Dataset extract below:

lemma witness_event_istar:
  assumes x: "x \<in> deficient" and r: "r \<in> witness_event x i d"
  shows "istar \<mu> r = i" "fst (r i) = x" "istar \<upsilon> r = Suc (i + d)" "fst (r (Suc (i + d))) \<noteq> x"
proof -
  have rk: "r k \<in> (if k < i then reject_set q (\<lambda>y. max (\<mu> y) (\<upsilon> y))
      else if k = i then band_set \<mu> \<delta> {x} else if k \<le> i + d then reject_set q \<upsilon>
      else accept_set \<upsilon> ({1..q} - {x}))" if "k < i + d + 2" for k
    using r that by (auto simp: witness_event_def seed_cylinder_def)
  have both_reject: "\<mu> (fst (r k)) < snd (r k) \<and> \<upsilon> (fst (r k)) < snd (r k)" if "k < i" for k
    using rk[of k] that by (auto simp: reject_set_def mem_Sigma_iff_fst_snd)
  have band: "fst (r i) = x" "(1 - \<delta>) * \<mu> x \<le> snd (r i)" "snd (r i) \<le> \<mu> x"
    using rk[of i] by (auto simp: band_set_def mem_Sigma_iff_fst_snd)
  have nu_reject: "\<upsilon> (fst (r k)) < snd (r k)" if "i < k" "k \<le> i + d" for k
    using rk[of k] that by (auto simp: reject_set_def mem_Sigma_iff_fst_snd)
  have nu_accept: "fst (r (Suc (i + d))) \<noteq> x" "snd (r (Suc (i + d))) \<le> \<upsilon> (fst (r (Suc (i + d))))"
    using rk[of "Suc (i + d)"] by (auto simp: accept_set_def mem_Sigma_iff_fst_snd)
  show "istar \<mu> r = i" unfolding istar_def
    by (rule Least_equality) (use band both_reject in \<open>auto simp: not_le[symmetric]\<close>)
  show "fst (r i) = x" "fst (r (Suc (i + d))) \<noteq> x" using band nu_accept by auto
  have "\<upsilon> (fst (r k)) < snd (r k)" if k: "k < Suc (i + d)" for k
  proof -
    consider "k < i" | "k = i" | "i < k" "k \<le> i + d" using k by linarith
    then show ?thesis
      using both_reject band nu_reject x by cases (auto simp: deficient_def)
  qed
  then show "istar \<upsilon> r = Suc (i + d)" unfolding istar_def
    by (intro Least_equality nu_accept(2)) (meson leI not_less)
qed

End of Dataset extract.

_What the task requires_: The material must be duplicated in full, with each line kept exact.

_Result_:
lemma witness_event_istar:
  assumes x: "x \<in> deficient" and r: "r \<in> witness_event x i d"
  shows "istar \<mu> r = i" "fst (r i) = x" "istar \<upsilon> r = Suc (i + d)" "fst (r (Suc (i + d))) \<noteq> x"
proof -
  have rk: "r k \<in> (if k < i then reject_set q (\<lambda>y. max (\<mu> y) (\<upsilon> y))
      else if k = i then band_set \<mu> \<delta> {x} else if k \<le> i + d then reject_set q \<upsilon>
      else accept_set \<upsilon> ({1..q} - {x}))" if "k < i + d + 2" for k
    using r that by (auto simp: witness_event_def seed_cylinder_def)
  have both_reject: "\<mu> (fst (r k)) < snd (r k) \<and> \<upsilon> (fst (r k)) < snd (r k)" if "k < i" for k
    using rk[of k] that by (auto simp: reject_set_def mem_Sigma_iff_fst_snd)
  have band: "fst (r i) = x" "(1 - \<delta>) * \<mu> x \<le> snd (r i)" "snd (r i) \<le> \<mu> x"
    using rk[of i] by (auto simp: band_set_def mem_Sigma_iff_fst_snd)
  have nu_reject: "\<upsilon> (fst (r k)) < snd (r k)" if "i < k" "k \<le> i + d" for k
    using rk[of k] that by (auto simp: reject_set_def mem_Sigma_iff_fst_snd)
  have nu_accept: "fst (r (Suc (i + d))) \<noteq> x" "snd (r (Suc (i + d))) \<le> \<upsilon> (fst (r (Suc (i + d))))"
    using rk[of "Suc (i + d)"] by (auto simp: accept_set_def mem_Sigma_iff_fst_snd)
  show "istar \<mu> r = i" unfolding istar_def
    by (rule Least_equality) (use band both_reject in \<open>auto simp: not_le[symmetric]\<close>)
  show "fst (r i) = x" "fst (r (Suc (i + d))) \<noteq> x" using band nu_accept by auto
  have "\<upsilon> (fst (r k)) < snd (r k)" if k: "k < Suc (i + d)" for k
  proof -
    consider "k < i" | "k = i" | "i < k" "k \<le> i + d" using k by linarith
    then show ?thesis
      using both_reject band nu_reject x by cases (auto simp: deficient_def)
  qed
  then show "istar \<upsilon> r = Suc (i + d)" unfolding istar_def
    by (intro Least_equality nu_accept(2)) (meson leI not_less)
qed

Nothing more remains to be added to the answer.